Autographa & Apographa
On pages 413-416 of volume 2 of his Post-Reformation Reformed Dogmatics Richard Muller discusses the Protestant orthodox method for identifying the “original and authentic” text of Scripture. He begins by noting that,
By “original and authentic” text, the Protestant orthodox do not mean the autographa which no one can possess but the apographa in the original tongue which are the source of all versions.
He then proceeds to note,
The case for Scripture as an infallible rule of faith and practice and the separate arguments for a received text free from major (i.e., non-scribal) errors rests upon an examination of apographs and does not seek the infinite regress of the lost autographs as a prop for textual infallibility.
This leads Muller to point out in a footnote that,
A rather sharp contrast must be drawn, therefore, between the Protestant orthodox arguments concerning the autographa and the views of Archibald Alexander Hodge and Benjamin Breckinridge Warfield. This issue must be raised because of the tendency in many recent essays to confuse the two views. Like virtually all exegetes and theologians before and after them, they recognised that the text of Scripture as we now have it contains contradictory and historically problematic statements. they also recognised the futility of harmonisations of the text – but they insisted that all such difficult or erroneous passages ought to be understood as the result of scribal errors. Those who claim an errant text, against the orthodox consensus to the contrary, must prove their case. To claim errors in the scribal copies, the apographa, is hardly proof: the claim must be proven true of the autographs. the point made by Hodge and Warfield is a logical trap, a rhetorical flourish, a conundrum designed to confound the critics – who can only prove their case for genuine errancy by recourse to a text they do not (and surely cannot) have.

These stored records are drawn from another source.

lemma integrable_pair_lborel_mult:
  fixes f g :: "real \<Rightarrow> complex"
  assumes f: "integrable lborel f" and g: "integrable lborel g"
  shows "integrable (lborel \<Otimes>\<^sub>M lborel) (\<lambda>p. f (fst p) * g (snd p))"
proof (rule lborel_pair.Fubini_integrable)
  have [measurable]: "f \<in> borel_measurable lborel" "g \<in> borel_measurable lborel"
    using f g by (simp_all add: borel_measurable_integrable)
  show "(\<lambda>p. f (fst p) * g (snd p)) \<in> borel_measurable (lborel \<Otimes>\<^sub>M lborel)"
    by measurable
  show "integrable lborel (\<lambda>x. \<integral>y. norm (f (fst (x, y)) * g (snd (x, y))) \<partial>lborel)"
    using f by (simp add: norm_mult)
  show "AE x in lborel. integrable lborel (\<lambda>y. f (fst (x, y)) * g (snd (x, y)))"
    using g by simp
qed

lemma set_integral_Icc_triangle_swap:
  fixes f g :: "real \<Rightarrow> complex"
  assumes f: "set_integrable lborel {a..b} f" and g: "set_integrable lborel {a..b} g"
  shows "(LINT t:{a..b}|lborel. (LINT s:{a..t}|lborel. f s) * g t)
           = (LINT s:{a..b}|lborel. f s * (LINT t:{s..b}|lborel. g t))"
proof -
  define h where "h s t = (if a \<le> s \<and> s \<le> t \<and> t \<le> b then f s * g t else 0)" for s t
  have fi: "integrable lborel (\<lambda>s. indicator {a..b} s *\<^sub>R f s)"
    and gi: "integrable lborel (\<lambda>t. indicator {a..b} t *\<^sub>R g t)"
    using f g by (simp_all add: set_integrable_def)
  define P where "P p = (indicator {a..b} (fst p) *\<^sub>R f (fst p)) * (indicator {a..b} (snd p) *\<^sub>R g (snd p))"
    for p :: "real \<times> real"
  have P_int: "integrable (lborel \<Otimes>\<^sub>M lborel) P"
    unfolding P_def by (rule integrable_pair_lborel_mult[OF fi gi])
  then have [measurable]: "P \<in> borel_measurable (lborel \<Otimes>\<^sub>M lborel)"
    by (rule borel_measurable_integrable)
  have h_P: "case_prod h = (\<lambda>p. indicator {p. fst p \<le> snd p} p *\<^sub>R P p)"
    by (auto simp: h_def P_def fun_eq_iff indicator_def)
  have h_int: "integrable (lborel \<Otimes>\<^sub>M lborel) (case_prod h)"
  proof (rule Bochner_Integration.integrable_bound[OF P_int])
    show "case_prod h \<in> borel_measurable (lborel \<Otimes>\<^sub>M lborel)"
      unfolding h_P by measurable
    show "AE p in lborel \<Otimes>\<^sub>M lborel. norm (case_prod h p) \<le> norm (P p)"
      unfolding h_P by (rule AE_I2) (simp add: indicator_def)
  qed
  have inner_s: "(\<integral>s. h s t \<partial>lborel) = indicator {a..b} t *\<^sub>R ((LINT s:{a..t}|lborel. f s) * g t)" for t
  proof (cases "t \<in> {a..b}")
    case True
    then have "(\<lambda>s. h s t) = (\<lambda>s. (indicator {a..t} s *\<^sub>R f s) * g t)"
      by (auto simp: h_def fun_eq_iff indicator_def)
    then show ?thesis
      using True by (simp only: integral_mult_left_zero) (simp add: set_lebesgue_integral_def)
  next
    case False
    then have "(\<lambda>s. h s t) = (\<lambda>s. 0)"
      by (auto simp: h_def fun_eq_iff)
    then show ?thesis
      using False by simp
  qed
  have inner_t: "(\<integral>t. h s t \<partial>lborel) = indicator {a..b} s *\<^sub>R (f s * (LINT t:{s..b}|lborel. g t))" for s
  proof (cases "s \<in> {a..b}")
    case True
    then have "(\<lambda>t. h s t) = (\<lambda>t. f s * (indicator {s..b} t *\<^sub>R g t))"
      by (auto simp: h_def fun_eq_iff indicator_def)
    then show ?thesis
      using True by (simp only: integral_mult_right_zero) (simp add: set_lebesgue_integral_def)
  next
    case False
    then have "(\<lambda>t. h s t) = (\<lambda>t. 0)"
      by (auto simp: h_def fun_eq_iff)
    then show ?thesis
      using False by simp
  qed
  show ?thesis
    using lborel_pair.Fubini_integral[OF h_int]
    by (simp only: inner_s inner_t set_lebesgue_integral_def)
qed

What is interesting is his pointing out that
Turretin and other high and late orthodox writers argued that the authenticity and infallibility of Scripture must be identified in and of the apographs, not in and of lost autographa.
This leads Muller to conclude that whilst the orthodox assume that the text is free of substantive error
they mount their argument for authenticity and infallibility without recourse to a logical devise like that employed by Hodge and Warfield.





Fascinating . . . nice job noting this little blurb in PRRD. Time for me to haul that volume back out again!